What’s more, the researchers did not compare heroin maintenance with conventional treatments such as methadone or residential, abstinence-oriented care. They abandoned their original plan to assign patients randomly to heroin maintenance or conventional methadone — because, among other reasons, the subjects, not surprisingly, strongly preferred heroin.

“The risk of heroin maintenance is the incentive it provides to ‘fail’ in other forms of treatment in order to become a publicly supported addict,” says Mark Kleiman of UCLA School of Public Policy. And in fact, once the heroin maintenance project started, conventional treatment facilities reported a sharp decline in applications, even though the rate of drug use remained steady.
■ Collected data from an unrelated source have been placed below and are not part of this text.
text \<open>Box bumps converge boundedly to the indicator of a box, so all box integrals of \<open>g\<close>
  vanish.\<close>

lemma AE_eq_0_if_orthogonal_to_test_funs:
  fixes g :: "pt \<Rightarrow> real"
  assumes "open \<Omega>"
    and loc: "\<And>K. compact K \<Longrightarrow> K \<subseteq> \<Omega> \<Longrightarrow> set_integrable lebesgue K g"
    and orth: "\<And>\<phi>. test_fun \<Omega> \<phi> \<Longrightarrow> (LINT x:\<Omega>|lebesgue. g x * \<phi> x) = 0"
  shows "AE x in lebesgue. x \<in> \<Omega> \<longrightarrow> g x = 0"
proof (rule AE_eq_0_on_open_if_box_integrals_eq_0[OF assms(1) loc])
  fix a b :: pt
  assume ab: "cbox a b \<subseteq> \<Omega>"
  define h where "h x = indicator (cbox a b) x * g x" for x
  have int_h: "integrable lebesgue h"
    using loc[OF compact_cbox ab] by (simp add: set_integrable_def h_def[abs_def])
  have meas_bump: "box_bump a b n \<in> borel_measurable lebesgue" for n
  proof -
    have "continuous_on UNIV (box_bump a b n)"
      using Ck_box_bump[of 0 a b n] by simp
    then have "box_bump a b n \<in> borel_measurable lborel"
      using borel_measurable_continuous_onI by simp
    then show ?thesis
      by (rule measurable_completion)
  qed
  have "integral\<^sup>L lebesgue (\<lambda>x. h x * box_bump a b n x) = (LINT x:\<Omega>|lebesgue. g x * box_bump a b n x)"
    for n
  proof -
    have "(\<lambda>x. h x * box_bump a b n x) = (\<lambda>x. indicator \<Omega> x *\<^sub>R (g x * box_bump a b n x))"
    proof
      show "h x * box_bump a b n x = indicator \<Omega> x *\<^sub>R (g x * box_bump a b n x)" for x
        using ab box_subset_cbox[of a b] box_bump_eq_0_outside[of x a b n]
        by (cases "x \<in> box a b") (auto simp: h_def indicator_def)
    qed
    then show ?thesis
      by (simp add: set_lebesgue_integral_def)
  qed
  then have integral_0: "integral\<^sup>L lebesgue (\<lambda>x. h x * box_bump a b n x) = 0" for n
    using orth[OF test_fun_box_bump[OF ab]] by simp
  have "(\<lambda>n. integral\<^sup>L lebesgue (\<lambda>x. h x * box_bump a b n x))
      \<longlonglongrightarrow> integral\<^sup>L lebesgue (\<lambda>x. h x * indicator (box a b) x)"
  proof (rule integral_dominated_convergence[where w="\<lambda>x. norm (h x)"])
    have meas_h: "h \<in> borel_measurable lebesgue"
      using int_h by (rule borel_measurable_integrable)
    then show "(\<lambda>x. h x * indicator (box a b) x) \<in> borel_measurable lebesgue"
      by (intro borel_measurable_times borel_measurable_indicator) auto
    show "(\<lambda>x. h x * box_bump a b n x) \<in> borel_measurable lebesgue" for n
      by (rule borel_measurable_times[OF meas_h meas_bump])
    show "integrable lebesgue (\<lambda>x. norm (h x))"
      using int_h by (rule integrable_norm)
    show "AE x in lebesgue. (\<lambda>n. h x * box_bump a b n x) \<longlonglongrightarrow> h x * indicator (box a b) x"
      by (intro AE_I2 tendsto_mult tendsto_const box_bump_tendsto_indicator)
    show "AE x in lebesgue. norm (h x * box_bump a b n x) \<le> norm (h x)" for n
      using box_bump_nonneg[of a b n] box_bump_le_1[of a b n]
      by (intro AE_I2) (simp add: abs_mult mult_left_le)
  qed
  then have "integral\<^sup>L lebesgue (\<lambda>x. h x * indicator (box a b) x) = 0"
    by (simp add: integral_0 LIMSEQ_const_iff)
  moreover have "h x * indicator (box a b) x = indicator (box a b) x *\<^sub>R g x" for x
    using box_subset_cbox[of a b] by (auto simp: h_def indicator_def)
  ultimately show "(LINT x:box a b|lebesgue. g x) = 0"
    by (simp add: set_lebesgue_integral_def)
qed

lemma weak_grad_AE_eq_0_if_const:
  assumes "open \<Omega>" and grad: "is_weak_grad \<Omega> f G" and const: "\<And>x. x \<in> \<Omega> \<Longrightarrow> f x = c"
  shows "AE x in lebesgue. x \<in> \<Omega> \<longrightarrow> G x = 0"
proof -
  have component: "AE x in lebesgue. x \<in> \<Omega> \<longrightarrow> G x $ i = 0" for i
  proof (rule AE_eq_0_if_orthogonal_to_test_funs[OF assms(1)])
    show "set_integrable lebesgue K (\<lambda>x. G x $ i)" if "compact K" "K \<subseteq> \<Omega>" for K
      using grad that by (simp add: is_weak_grad_def)
    fix \<phi> assume \<phi>: "test_fun \<Omega> \<phi>"
    have "indicator \<Omega> x *\<^sub>R (f x * partial \<phi> i x) = c * partial \<phi> i x" for x
    proof (cases "x \<in> \<Omega>")
      case False
      then have "x \<notin> closure {x. \<phi> x \<noteq> 0}"
        using \<phi> by (auto simp: test_fun_def)
      then show ?thesis
        using False by (simp add: partial_def frechet_derivative_eq_0_outside_support)
    qed (simp add: const)
    then have "(\<lambda>x. indicator \<Omega> x *\<^sub>R (f x * partial \<phi> i x)) = (\<lambda>x. c * partial \<phi> i x)"
      by (rule ext)
    then have "(LINT x:\<Omega>|lebesgue. f x * partial \<phi> i x) = c * integral\<^sup>L lebesgue (\<lambda>x. partial \<phi> i x)"
      by (simp add: set_lebesgue_integral_def)
    also have "\<dots> = 0"
      by (simp add: integral_partial_test_fun_eq_0[OF \<phi>])
    finally show "(LINT x:\<Omega>|lebesgue. G x $ i * \<phi> x) = 0"
      using grad \<phi> by (simp add: is_weak_grad_def)
  qed
  have "AE x in lebesgue. \<forall>i\<in>UNIV. x \<in> \<Omega> \<longrightarrow> G x $ i = 0"
    by (rule AE_finite_allI) (use component in auto)
  then show ?thesis
    by eventually_elim (auto simp: vec_eq_iff)
qed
The Swiss heroin experiment was born out of desperation. In the mid-1980s, the Swiss government became disenchanted with drug treatment and turned to a policy of sanctioned drug use in designated open areas. But this was unsuccessful; the most visible failures being the squalid deterioration of Zurich’s Platzspitz Park (the notorious “Needle Park”) and the syringe-littered Letten railway station.

It is telling that harm reduction efforts have evolved in countries that provide addicts with a wide array of government benefits. Rather than throw up their hands at the poor record of drug rehabilitation, the Swiss and others should acknowledge the extent to which welfare services enable addiction by shielding addicts from the consequences of their actions, financing their drug purchases and encouraging dependency on public largesse.

Nonetheless, Switzerland has ardently embraced heroin maintenance. The Federal Office of Public Health plans to triple enrollment next year to about 3,000; and in 2004 the Swiss Parliament plans to decriminalize consumption, possession and sale of narcotics for personal use.

Not everyone shares Bern’s enthusiasm. Wayne Hall of Australia’s University of New South Wales was an independent evaluator for the World Health Organization who assessed the experimental plan of the Swiss project. “The unique political context . . . of the trials . . . meant that opportunities were lost for a more rigorous evaluation,” he wrote. In February, the International Narcotics Control Board of the United Nations — a quasijudicial body that monitors international drug treaties — expressed concern that “before {completion of} the evaluation by the World Health Organization of the Swiss heroin experiment, pressure groups and some politicians are already promoting the expansion of such programmes in Switzerland and their proliferation in other countries.”

And indeed, the trials’ principal investigator and project directors have traveled to Australia, Austria, Germany, the Netherlands and elsewhere promoting heroin maintenance. They won a sympathetic hearing in the Netherlands, which plans to begin a heroin experiment next month. This isn’t surprising; after all, this is a country that has a union for addicts, the Federation of Dutch Junkie Leagues, which lobbies the government for services. In Rotterdam last month, I visited a Dutch Reformed church where the pastor had invited two dealers in to sell discounted heroin and cocaine. He also provided basement rooms where users could inject or smoke heroin.

Even if heroin maintenance “worked” — if it could be proved that heroin giveaways enhanced the addicts’ health and productivity — we would still have to confront the raw truth about harm reduction. It is the public-policy manifestation of the addict’s dearest wish: to use free drugs without consequence. Imagine extending this model — the use of state-subsidized drugs, the offer of endless social services and the expectation of nothing in return — to America’s hard-core addicts.

Today the U.N. General Assembly opens a special session on global drug-control policy. Harm reduction advocates will tell the world body that drug abuse is a human right and that the only compassionate response is to make it safer to be an addict. The Swiss and the Dutch seem to view addicts as irascible children who should be indulged, or as terminally ill patients to be palliated, hidden away and written off. But heroin maintenance is wrong. As an experiment, thus far it is scientifically groundless. As public-health policy it will always be a posture of surrender.